ロ 本件有価証券報告書の虚偽記載について
 平成○年○月○日(以下「本件公表日」という。)に、報道機関により、本件有価証券報告書にはJ社の架空売上げの計上による経常利益の粉飾等重要な事項について虚偽記載がある旨の事実が、報道された。
ハ 請求人が保有していたJ社株式について
 請求人は、本件有価証券報告書の提出日の翌日から本件公表日の前日までの間にL証券を通じてJ社株式を取得し、本件公表日において、L証券に開設した租税特別措置法第37条の11の3第3項第1号に規定する特定口座(以下「本件特定口座」という。)に保管の委託等をしていたJ社株式(以下「本件J社株式」という。)の株数は、621,694株であった。
ニ 損害賠償請求訴訟の提起について
 請求人は、本件有価証券報告書の虚偽記載により本件J社株式及びJ社の子会社株式に関し損害を被ったとして、他の被害者ら(以下、請求人を含め「原告ら」という。)と共に、J社及び元同社役員等を被告(以下「被告ら」という。)として、本件J社株式及びJ社の子会社株式の取得に伴う損害額(取得価額から売却価額を控除した金額)、当該損害額の10%に相当する弁護士費用及び訴状送達の日の翌日から支払済みまでの遅延損害金の支払を求めて、M地方裁判所に損害賠償請求訴訟(同裁判所平成○年(○)第○号他。以下「本件訴訟」という。)を提起した。

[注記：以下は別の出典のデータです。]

(* Let $m,d,n\ge1$, $p,q,\lambda>0$, $g(\alpha)=\|\alpha/\lambda\|_p^q$, and let $\mathfrak{D}$ be the set of matrices in $\mathbb{R}^{m\times d}$ with unit $\ell_2$-norm columns. Let $\mathbb{P}$ be a probability distribution on $\mathbb{R}^m$ with $\mathbb{P}(\|x\|_2\le1)=1$, and let $X=[x_1,\dots,x_n]$ consist of $n$ i.i.d. samples from $\mathbb{P}$. Let $0\le t<\infty$ and $L>\lambda\, d^{(1-1/p)_+}(1/2)^{1/q}$. Set $$\beta=\frac{md}{8}\max\{\log(6\sqrt8\,L),1\},\qquad \eta(n,m,d,L)=2\sqrt{\frac{\beta\log n}{n}}+\sqrt{\frac{\beta+t/\sqrt8}{n}}.$$ Then with probability at least $1-2e^{-t}$, $$\sup_{D\in\mathfrak{D}}\big|F_X(D)-\mathbb{E}_{x\sim\mathbb{P}}f_x(D)\big|\le\eta(n,m,d,L).$$
   Context: For $x\in\mathbb{R}^m$ and $D\in\mathbb{R}^{m\times d}$, $f_x(D)=\inf_{\alpha\in\mathbb{R}^d}\tfrac12\|x-D\alpha\|_2^2+g(\alpha)$, and $F_X(D)=\frac1n\sum_{i=1}^nf_{x_i}(D)$. $(t)_+=\max\{t,0\}$; $\log$ is the natural logarithm. For $0<p<1$, $\|\cdot\|_p$ is the $\ell_p$ quasi-norm. *)

theory Defs
  imports "HOL-Probability.Probability"
begin

definition lp_norm :: "real \<Rightarrow> real ^ 'd \<Rightarrow> real" where
  "lp_norm p v = (\<Sum>i\<in>UNIV. \<bar>v $ i\<bar> powr p) powr (1 / p)"

definition gpen :: "real \<Rightarrow> real \<Rightarrow> real \<Rightarrow> real ^ 'd \<Rightarrow> real" where
  "gpen p q lam \<alpha> = (lp_norm p ((1 / lam) *\<^sub>R \<alpha>)) powr q"

definition fx :: "real \<Rightarrow> real \<Rightarrow> real \<Rightarrow> real ^ 'm \<Rightarrow> real ^ 'd ^ 'm \<Rightarrow> real" where
  "fx p q lam x D = (INF \<alpha>. (1/2) * (norm (x - D *v \<alpha>))^2 + gpen p q lam \<alpha>)"

definition FX :: "real \<Rightarrow> real \<Rightarrow> real \<Rightarrow> nat \<Rightarrow> (nat \<Rightarrow> real ^ 'm) \<Rightarrow> real ^ 'd ^ 'm \<Rightarrow> real" where
  "FX p q lam n X D = (1 / real n) * (\<Sum>i<n. fx p q lam (X i) D)"

definition unit_col_dicts :: "(real ^ 'd ^ 'm) set" where
  "unit_col_dicts = {D. \<forall>j. norm (column j D) = 1}"

definition beta_const :: "nat \<Rightarrow> nat \<Rightarrow> real \<Rightarrow> real" where
  "beta_const m d L = real m * real d / 8 * max (ln (6 * sqrt 8 * L)) 1"

definition eta :: "nat \<Rightarrow> nat \<Rightarrow> nat \<Rightarrow> real \<Rightarrow> real \<Rightarrow> real" where
  "eta n m d L t = 2 * sqrt (beta_const m d L * ln (real n) / real n)
                   + sqrt ((beta_const m d L + t / sqrt 8) / real n)"

end

theory Submission
  imports Defs
begin

text \<open>For \<open>\<parallel>x\<parallel> \<le> 1\<close> the choice \<open>\<alpha> = 0\<close> gives \<open>0 \<le> f\<^sub>x(D) \<le> 1/2\<close>, so for a single dictionary
  Hoeffding's inequality controls \<open>F\<^sub>X(D) - E f\<^sub>x(D)\<close>. Every code \<open>\<alpha>\<close> with objective below \<open>1/2\<close> has
  \<open>g(\<alpha>) \<le> 1/2\<close>, hence coefficients of size at most \<open>\<lambda> (1/2)\<^sup>1\<^sup>/\<^sup>q \<le> L\<close>, and a residual of norm at
  most 1; therefore moving every entry of \<open>D\<close> by at most \<open>h\<close> changes \<open>f\<^sub>x(D)\<close> by at most
  \<open>w + w\<^sup>2/2\<close>, \<open>w = m d h L\<close>. Unit-column dictionaries have entries in \<open>[-1,1]\<close>, so a grid of
  resolution \<open>h = 1/(7 m d L \<surd>(8n))\<close> is a net of at most \<open>(2/h + 2)\<^sup>m\<^sup>d\<close> points, and the union
  bound over it is absorbed by the slack in \<open>\<eta>\<close>. When \<open>\<eta> \<ge> 1/2\<close> the claim is trivial, as
  both \<open>F\<^sub>X(D)\<close> and its mean lie in \<open>[0, 1/2]\<close> almost surely.\<close>

lemma gpen_nonneg: "gpen p q lam \<alpha> \<ge> 0"
  by (simp add: gpen_def)

lemma gpen_zero: "gpen p q lam 0 = 0"
  by (simp add: gpen_def lp_norm_def)

lemma bdd_below_fx_objective:
  "bdd_below (range (\<lambda>\<alpha>. (1/2) * (norm (x - D *v \<alpha>))^2 + gpen p q lam \<alpha>))"
  by (rule bdd_belowI[of _ 0]) (auto intro: add_nonneg_nonneg gpen_nonneg)

lemma fx_nonneg: "fx p q lam x D \<ge> 0"
  unfolding fx_def by (rule cINF_greatest) (auto intro: add_nonneg_nonneg gpen_nonneg)

lemma fx_le_objective: "fx p q lam x D \<le> (1/2) * (norm (x - D *v \<alpha>))^2 + gpen p q lam \<alpha>"
  unfolding fx_def by (rule cINF_lower[OF bdd_below_fx_objective]) simp

lemma fx_le_half:
  assumes "norm x \<le> 1"
  shows "fx p q lam x D \<le> 1/2"
proof -
  have "(norm x)^2 \<le> 1" using assms by (simp add: power_le_one)
  then show ?thesis using fx_le_objective[of p q lam x D 0] by (simp add: gpen_zero)
qed

lemma fx_less_iff:
  "fx p q lam x D < c \<longleftrightarrow> (\<exists>\<alpha>. (1/2) * (norm (x - D *v \<alpha>))^2 + gpen p q lam \<alpha> < c)"
proof -
  have "(INF \<alpha>. (1/2) * (norm (x - D *v \<alpha>))^2 + gpen p q lam \<alpha>) < c \<longleftrightarrow>
        (\<exists>\<alpha>\<in>UNIV. (1/2) * (norm (x - D *v \<alpha>))^2 + gpen p q lam \<alpha> < c)"
    by (rule cINF_less_iff[OF _ bdd_below_fx_objective]) simp
  then show ?thesis unfolding fx_def by simp
qed

text \<open>As an infimum of continuous functions of \<open>x\<close>, \<open>fx\<close> is upper semicontinuous.\<close>
lemma borel_measurable_fx:
  "(\<lambda>x. fx p q lam x D) \<in> borel_measurable (borel :: (real ^ 'm) measure)"
  for D :: "real ^ 'd ^ 'm"
proof (subst borel_measurable_iff_less, intro allI)
  fix c :: real
  have "{x \<in> space borel. fx p q lam x D < c} =
     (\<Union>\<alpha>. {x. (1/2) * (norm (x - D *v \<alpha>))^2 + gpen p q lam \<alpha> < c})"
    by (auto simp: fx_less_iff)
  moreover have "open {x. (1/2) * (norm (x - D *v \<alpha>))^2 + gpen p q lam \<alpha> < c}" for \<alpha>
    by (intro open_Collect_less continuous_intros)
  ultimately show "{x \<in> space borel. fx p q lam x D < c} \<in> sets borel"
    by (simp add: borel_open open_UN)
qed

lemma abs_component_le_if_gpen_le:
  fixes \<alpha> :: "real ^ 'd"
  assumes p: "p > 0" and q: "q > 0" and lam: "lam > 0" and g: "gpen p q lam \<alpha> \<le> c"
  shows "\<bar>\<alpha> $ j\<bar> \<le> lam * c powr (1/q)"
proof -
  define v where "v = (1 / lam) *\<^sub>R \<alpha>"
  have "\<bar>v $ j\<bar> powr p \<le> (\<Sum>i\<in>UNIV. \<bar>v $ i\<bar> powr p)"
    by (rule member_le_sum) auto
  then have "(\<bar>v $ j\<bar> powr p) powr (1/p) \<le> (\<Sum>i\<in>UNIV. \<bar>v $ i\<bar> powr p) powr (1/p)"
    by (intro powr_mono2) (use p in auto)
  then have vj: "\<bar>v $ j\<bar> \<le> lp_norm p v"
    using p by (simp add: powr_powr lp_norm_def)
  have "lp_norm p v powr q \<le> c" using g by (simp add: gpen_def v_def)
  then have "(lp_norm p v powr q) powr (1/q) \<le> c powr (1/q)"
    by (intro powr_mono2) (use q in auto)
  then have "lp_norm p v \<le> c powr (1/q)"
    using q by (simp add: powr_powr lp_norm_def)
  with vj have "\<bar>\<alpha> $ j\<bar> / lam \<le> c powr (1/q)"
    using lam by (simp add: v_def abs_mult)
  then show ?thesis using lam by (simp add: field_simps)
qed

lemma norm_matrix_vector_mult_le_entrywise:
  fixes E :: "real ^ 'd ^ 'm" and \<alpha> :: "real ^ 'd"
  assumes "\<And>i j. \<bar>E $ i $ j\<bar> \<le> h" and "\<And>j. \<bar>\<alpha> $ j\<bar> \<le> L"
  shows "norm (E *v \<alpha>) \<le> real CARD('m) * real CARD('d) * h * L"
proof -
  have "\<bar>(E *v \<alpha>) $ i\<bar> \<le> real CARD('d) * (h * L)" for i
  proof -
    have "\<bar>(E *v \<alpha>) $ i\<bar> \<le> (\<Sum>j\<in>UNIV. \<bar>E $ i $ j\<bar> * \<bar>\<alpha> $ j\<bar>)"
      unfolding matrix_vector_mult_def by (simp add: abs_mult[symmetric] sum_abs)
    also have "\<dots> \<le> (\<Sum>j\<in>(UNIV::'d set). h * L)"
      by (intro sum_mono mult_mono) (auto intro: assms order_trans[OF abs_ge_zero assms(1)])
    finally show ?thesis by simp
  qed
  then have "(\<Sum>i\<in>UNIV. \<bar>(E *v \<alpha>) $ i\<bar>) \<le> (\<Sum>i\<in>(UNIV::'m set). real CARD('d) * (h * L))"
    by (intro sum_mono)
  then show ?thesis using norm_le_l1_cart[of "E *v \<alpha>"] by (simp add: mult_ac)
qed

lemma fx_le_fx_perturbed:
  fixes D D0 :: "real ^ 'd ^ 'm" and x :: "real ^ 'm"
  assumes p: "p > 0" and q: "q > 0" and lam: "lam > 0"
    and L: "lam * (1/2) powr (1/q) \<le> L"
    and x: "norm x \<le> 1" and h: "h \<ge> 0"
    and E: "\<And>i j. \<bar>D $ i $ j - D0 $ i $ j\<bar> \<le> h"
  defines "w \<equiv> real CARD('m) * real CARD('d) * h * L"
  shows "fx p q lam x D0 \<le> fx p q lam x D + (w + w^2/2)"
proof -
  have "0 \<le> lam * (1/2) powr (1/q)" using lam by simp
  then have w0: "w \<ge> 0" using L h by (simp add: w_def)
  have "fx p q lam x D0 - (w + w^2/2) \<le> (1/2) * (norm (x - D *v \<alpha>))^2 + gpen p q lam \<alpha>"
    (is "_ \<le> ?obj") for \<alpha>
  proof (cases "?obj \<le> 1/2")
    case False
    have "w^2 \<ge> 0" by simp
    then show ?thesis using fx_le_half[OF x, of p q lam D0] w0 False by linarith
  next
    case True
    define r where "r = norm (x - D *v \<alpha>)"
    have "r^2 \<ge> 0" "gpen p q lam \<alpha> \<ge> 0" by (simp_all add: gpen_nonneg)
    then have g: "gpen p q lam \<alpha> \<le> 1/2" and "r^2 \<le> 1"
      using True unfolding r_def by linarith+
    then have r1: "r \<le> 1" by (simp add: r_def power_le_one_iff)
    have "\<bar>\<alpha> $ j\<bar> \<le> L" for j using abs_component_le_if_gpen_le[OF p q lam g] L by (meson order_trans)
    then have nd: "norm ((D - D0) *v \<alpha>) \<le> w"
      unfolding w_def by (intro norm_matrix_vector_mult_le_entrywise) (use E in auto)
    have "x - D0 *v \<alpha> = (x - D *v \<alpha>) + (D - D0) *v \<alpha>"
      by (simp add: matrix_vector_mult_diff_rdistrib)
    then have "norm (x - D0 *v \<alpha>) \<le> r + norm ((D - D0) *v \<alpha>)"
      unfolding r_def by (metis norm_triangle_ineq)
    with nd have "norm (x - D0 *v \<alpha>) \<le> r + w" by linarith
    then have "(norm (x - D0 *v \<alpha>))^2 \<le> (r + w)^2"
      by (intro power_mono) auto
    also have "\<dots> \<le> r^2 + 2*w + w^2"
      using mult_right_mono[OF r1 w0] by (simp add: power2_eq_square algebra_simps)
    finally show ?thesis
      using fx_le_objective[of p q lam x D0 \<alpha>] by (simp add: r_def)
  qed
  then have "fx p q lam x D0 - (w + w^2/2) \<le> fx p q lam x D"
    unfolding fx_def[of p q lam x D] by (intro cINF_greatest) auto
  then show ?thesis by linarith
qed

lemma abs_fx_diff_le:
  fixes D D0 :: "real ^ 'd ^ 'm"
  assumes "p > 0" "q > 0" "lam > 0" "lam * (1/2) powr (1/q) \<le> L" "norm x \<le> 1" "h \<ge> 0"
    and "\<And>i j. \<bar>D $ i $ j - D0 $ i $ j\<bar> \<le> h"
  defines "w \<equiv> real CARD('m) * real CARD('d) * h * L"
  shows "\<bar>fx p q lam x D - fx p q lam x D0\<bar> \<le> w + w^2/2"
  using fx_le_fx_perturbed[of p q lam L x h D D0] fx_le_fx_perturbed[of p q lam L x h D0 D] assms
  by (simp add: abs_minus_commute w_def abs_le_iff)

lemma indep_vars_PiM_components:
  assumes P: "prob_space P" and I: "finite I" "I \<noteq> {}"
  shows "prob_space.indep_vars (Pi\<^sub>M I (\<lambda>_. P)) (\<lambda>_. P) (\<lambda>i \<omega>. \<omega> i) I"
proof -
  define M where "M = Pi\<^sub>M I (\<lambda>_. P)"
  interpret M: prob_space M unfolding M_def by (rule prob_space_PiM) (use P in auto)
  have rv: "(\<lambda>\<omega>. \<omega> i) \<in> measurable M P" if "i \<in> I" for i
    using that by (simp add: M_def measurable_component_singleton)
  have "distr M (Pi\<^sub>M I (\<lambda>_. P)) (\<lambda>\<omega>. \<lambda>i\<in>I. \<omega> i) = distr M M (\<lambda>\<omega>. \<omega>)"
    by (rule distr_cong) (auto simp: M_def space_PiM)
  also have "\<dots> = Pi\<^sub>M I (\<lambda>i. distr M P (\<lambda>\<omega>. \<omega> i))"
    using distr_PiM_component[of I "\<lambda>_. P"] P by (auto intro!: PiM_cong simp: M_def)
  finally have "M.indep_vars (\<lambda>_. P) (\<lambda>i \<omega>. \<omega> i) I"
    by (subst M.indep_vars_iff_distr_eq_PiM'[OF I(2) rv]) (auto simp: M_def)
  then show ?thesis by (simp add: M_def)
qed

 なお、請求人の本件J社株式に係る請求額(以下「本件請求額」という。)は、別表2のとおりである。
ホ Nとの和解について
 平成19年12月12日に、原告らと被告らのうち元J社役員であったNとの間で、Nが原告らに和解金を支払い、原告らはNに対する訴えを取り下げる旨の裁判外の和解が成立し、両者間で同日付の「和解契約書」と題する書面(以下「本件N和解契約書」という。)が作成された。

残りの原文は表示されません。